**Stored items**
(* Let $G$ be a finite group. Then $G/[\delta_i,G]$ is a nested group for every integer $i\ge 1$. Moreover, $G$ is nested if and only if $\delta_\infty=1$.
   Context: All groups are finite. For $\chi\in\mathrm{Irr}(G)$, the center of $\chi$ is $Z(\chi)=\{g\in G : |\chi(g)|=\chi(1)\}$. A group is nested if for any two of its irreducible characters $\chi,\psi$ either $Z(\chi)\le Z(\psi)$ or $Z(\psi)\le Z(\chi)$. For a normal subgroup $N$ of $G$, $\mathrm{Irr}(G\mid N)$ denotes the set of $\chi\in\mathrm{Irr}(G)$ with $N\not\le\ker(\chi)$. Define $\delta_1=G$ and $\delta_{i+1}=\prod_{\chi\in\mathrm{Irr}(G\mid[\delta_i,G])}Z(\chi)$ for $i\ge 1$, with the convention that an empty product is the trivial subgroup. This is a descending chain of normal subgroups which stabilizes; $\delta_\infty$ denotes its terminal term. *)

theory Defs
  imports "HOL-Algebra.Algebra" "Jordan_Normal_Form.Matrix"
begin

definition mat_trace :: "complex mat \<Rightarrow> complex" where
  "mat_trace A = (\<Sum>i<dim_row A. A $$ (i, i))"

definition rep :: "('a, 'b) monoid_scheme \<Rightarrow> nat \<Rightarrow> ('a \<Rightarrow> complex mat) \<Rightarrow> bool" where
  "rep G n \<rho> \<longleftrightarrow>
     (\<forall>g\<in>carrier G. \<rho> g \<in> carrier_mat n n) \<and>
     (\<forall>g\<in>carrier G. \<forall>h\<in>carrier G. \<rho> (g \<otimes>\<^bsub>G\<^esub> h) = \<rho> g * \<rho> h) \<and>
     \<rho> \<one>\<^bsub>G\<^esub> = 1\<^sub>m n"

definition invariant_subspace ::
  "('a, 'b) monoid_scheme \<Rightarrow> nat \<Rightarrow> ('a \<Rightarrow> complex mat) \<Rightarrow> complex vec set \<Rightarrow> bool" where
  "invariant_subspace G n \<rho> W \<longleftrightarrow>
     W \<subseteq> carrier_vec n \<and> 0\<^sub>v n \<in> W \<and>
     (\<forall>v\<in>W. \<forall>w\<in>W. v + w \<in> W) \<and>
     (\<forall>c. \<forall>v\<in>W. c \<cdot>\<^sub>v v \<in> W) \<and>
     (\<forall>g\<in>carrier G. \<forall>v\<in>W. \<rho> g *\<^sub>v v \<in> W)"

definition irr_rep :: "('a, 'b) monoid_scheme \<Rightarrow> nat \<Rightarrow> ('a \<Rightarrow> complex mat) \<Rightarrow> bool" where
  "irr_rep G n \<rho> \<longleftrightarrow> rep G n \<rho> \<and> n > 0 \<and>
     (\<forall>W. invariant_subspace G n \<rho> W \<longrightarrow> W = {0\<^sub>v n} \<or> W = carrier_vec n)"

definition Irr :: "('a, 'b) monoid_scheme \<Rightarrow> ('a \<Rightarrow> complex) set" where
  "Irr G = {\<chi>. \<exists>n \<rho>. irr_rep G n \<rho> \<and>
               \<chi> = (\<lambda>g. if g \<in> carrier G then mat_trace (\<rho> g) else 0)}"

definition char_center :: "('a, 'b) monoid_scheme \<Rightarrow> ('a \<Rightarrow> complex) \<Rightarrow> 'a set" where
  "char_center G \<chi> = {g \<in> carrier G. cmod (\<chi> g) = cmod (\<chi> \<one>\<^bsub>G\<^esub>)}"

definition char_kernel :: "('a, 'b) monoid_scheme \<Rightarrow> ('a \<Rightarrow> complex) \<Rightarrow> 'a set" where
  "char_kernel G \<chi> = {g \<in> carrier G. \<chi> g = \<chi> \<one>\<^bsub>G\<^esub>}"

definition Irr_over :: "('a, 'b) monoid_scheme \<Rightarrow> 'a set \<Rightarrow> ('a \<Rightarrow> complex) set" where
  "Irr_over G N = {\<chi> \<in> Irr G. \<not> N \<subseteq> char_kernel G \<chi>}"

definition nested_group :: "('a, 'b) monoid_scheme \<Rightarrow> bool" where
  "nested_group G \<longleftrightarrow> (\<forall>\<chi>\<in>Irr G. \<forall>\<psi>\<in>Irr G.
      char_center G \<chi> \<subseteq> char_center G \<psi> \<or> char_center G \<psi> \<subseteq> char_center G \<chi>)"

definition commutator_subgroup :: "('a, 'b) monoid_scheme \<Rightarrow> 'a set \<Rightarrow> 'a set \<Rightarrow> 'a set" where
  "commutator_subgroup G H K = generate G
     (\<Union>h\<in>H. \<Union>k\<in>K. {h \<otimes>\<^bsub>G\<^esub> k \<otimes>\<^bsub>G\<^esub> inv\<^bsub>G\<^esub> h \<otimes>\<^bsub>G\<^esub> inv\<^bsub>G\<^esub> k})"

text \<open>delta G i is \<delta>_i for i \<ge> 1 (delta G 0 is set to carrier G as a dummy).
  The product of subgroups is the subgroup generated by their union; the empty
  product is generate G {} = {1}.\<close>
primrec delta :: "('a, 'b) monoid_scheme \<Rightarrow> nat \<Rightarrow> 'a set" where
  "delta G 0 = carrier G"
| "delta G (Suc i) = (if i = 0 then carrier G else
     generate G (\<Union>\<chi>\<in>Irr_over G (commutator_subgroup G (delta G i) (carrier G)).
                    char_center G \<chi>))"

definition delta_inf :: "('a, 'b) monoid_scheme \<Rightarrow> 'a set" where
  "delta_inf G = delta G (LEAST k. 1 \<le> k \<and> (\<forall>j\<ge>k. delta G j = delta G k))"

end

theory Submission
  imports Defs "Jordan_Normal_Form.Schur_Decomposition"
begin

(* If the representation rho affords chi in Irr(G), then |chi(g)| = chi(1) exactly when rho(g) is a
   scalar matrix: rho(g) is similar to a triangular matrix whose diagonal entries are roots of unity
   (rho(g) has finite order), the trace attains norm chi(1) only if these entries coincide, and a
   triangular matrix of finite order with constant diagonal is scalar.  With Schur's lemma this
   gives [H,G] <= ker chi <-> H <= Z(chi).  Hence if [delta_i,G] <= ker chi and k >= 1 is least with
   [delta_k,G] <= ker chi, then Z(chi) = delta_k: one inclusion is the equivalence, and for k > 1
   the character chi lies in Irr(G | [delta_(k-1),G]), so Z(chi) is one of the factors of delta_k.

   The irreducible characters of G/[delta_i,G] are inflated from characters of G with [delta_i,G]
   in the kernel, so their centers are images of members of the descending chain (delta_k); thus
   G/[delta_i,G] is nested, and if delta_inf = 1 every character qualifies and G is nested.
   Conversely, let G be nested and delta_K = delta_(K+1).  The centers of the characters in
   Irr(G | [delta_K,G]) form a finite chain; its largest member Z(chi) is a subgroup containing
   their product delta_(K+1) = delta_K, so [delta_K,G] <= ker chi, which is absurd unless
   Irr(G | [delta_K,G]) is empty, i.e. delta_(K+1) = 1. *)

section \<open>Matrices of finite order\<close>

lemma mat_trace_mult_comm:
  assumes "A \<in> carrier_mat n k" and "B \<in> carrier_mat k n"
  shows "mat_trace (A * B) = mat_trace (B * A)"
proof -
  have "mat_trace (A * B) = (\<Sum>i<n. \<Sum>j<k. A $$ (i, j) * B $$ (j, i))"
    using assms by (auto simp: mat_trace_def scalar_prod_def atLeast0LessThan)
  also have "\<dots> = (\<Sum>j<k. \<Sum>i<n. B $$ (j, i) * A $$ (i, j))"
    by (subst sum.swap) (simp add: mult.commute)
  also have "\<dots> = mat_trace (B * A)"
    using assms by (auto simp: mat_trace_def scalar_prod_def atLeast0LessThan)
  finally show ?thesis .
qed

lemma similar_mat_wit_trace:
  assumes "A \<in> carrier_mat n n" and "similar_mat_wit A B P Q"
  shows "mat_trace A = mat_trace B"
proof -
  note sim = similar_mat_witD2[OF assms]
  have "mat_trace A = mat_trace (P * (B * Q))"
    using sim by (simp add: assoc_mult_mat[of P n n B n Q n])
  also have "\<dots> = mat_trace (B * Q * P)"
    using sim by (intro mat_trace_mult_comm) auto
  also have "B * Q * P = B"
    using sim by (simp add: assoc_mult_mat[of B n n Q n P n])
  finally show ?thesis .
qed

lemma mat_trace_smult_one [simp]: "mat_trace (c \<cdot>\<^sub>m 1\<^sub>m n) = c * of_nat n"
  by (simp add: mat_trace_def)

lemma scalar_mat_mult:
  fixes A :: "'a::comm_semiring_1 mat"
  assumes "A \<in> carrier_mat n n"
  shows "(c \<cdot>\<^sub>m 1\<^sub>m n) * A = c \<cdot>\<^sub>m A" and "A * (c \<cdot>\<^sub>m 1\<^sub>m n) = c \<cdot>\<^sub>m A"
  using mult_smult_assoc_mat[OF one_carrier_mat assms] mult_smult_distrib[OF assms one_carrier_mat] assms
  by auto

**What is being asked**
From the records above, reproduce exactly the lines from the one with "(\<forall>v\<in>W. \<forall>w\<in>W. v" to the one with "char_center G \<chi> \<subseteq>", both included, and no others.

**Worked solution**
     (\<forall>v\<in>W. \<forall>w\<in>W. v + w \<in> W) \<and>
     (\<forall>c. \<forall>v\<in>W. c \<cdot>\<^sub>v v \<in> W) \<and>
     (\<forall>g\<in>carrier G. \<forall>v\<in>W. \<rho> g *\<^sub>v v \<in> W)"

definition irr_rep :: "('a, 'b) monoid_scheme \<Rightarrow> nat \<Rightarrow> ('a \<Rightarrow> complex mat) \<Rightarrow> bool" where
  "irr_rep G n \<rho> \<longleftrightarrow> rep G n \<rho> \<and> n > 0 \<and>
     (\<forall>W. invariant_subspace G n \<rho> W \<longrightarrow> W = {0\<^sub>v n} \<or> W = carrier_vec n)"

definition Irr :: "('a, 'b) monoid_scheme \<Rightarrow> ('a \<Rightarrow> complex) set" where
  "Irr G = {\<chi>. \<exists>n \<rho>. irr_rep G n \<rho> \<and>
               \<chi> = (\<lambda>g. if g \<in> carrier G then mat_trace (\<rho> g) else 0)}"

definition char_center :: "('a, 'b) monoid_scheme \<Rightarrow> ('a \<Rightarrow> complex) \<Rightarrow> 'a set" where
  "char_center G \<chi> = {g \<in> carrier G. cmod (\<chi> g) = cmod (\<chi> \<one>\<^bsub>G\<^esub>)}"

definition char_kernel :: "('a, 'b) monoid_scheme \<Rightarrow> ('a \<Rightarrow> complex) \<Rightarrow> 'a set" where
  "char_kernel G \<chi> = {g \<in> carrier G. \<chi> g = \<chi> \<one>\<^bsub>G\<^esub>}"

definition Irr_over :: "('a, 'b) monoid_scheme \<Rightarrow> 'a set \<Rightarrow> ('a \<Rightarrow> complex) set" where
  "Irr_over G N = {\<chi> \<in> Irr G. \<not> N \<subseteq> char_kernel G \<chi>}"

definition nested_group :: "('a, 'b) monoid_scheme \<Rightarrow> bool" where
  "nested_group G \<longleftrightarrow> (\<forall>\<chi>\<in>Irr G. \<forall>\<psi>\<in>Irr G.
      char_center G \<chi> \<subseteq> char_center G \<psi> \<or> char_center G \<psi> \<subseteq> char_center G \<chi>)"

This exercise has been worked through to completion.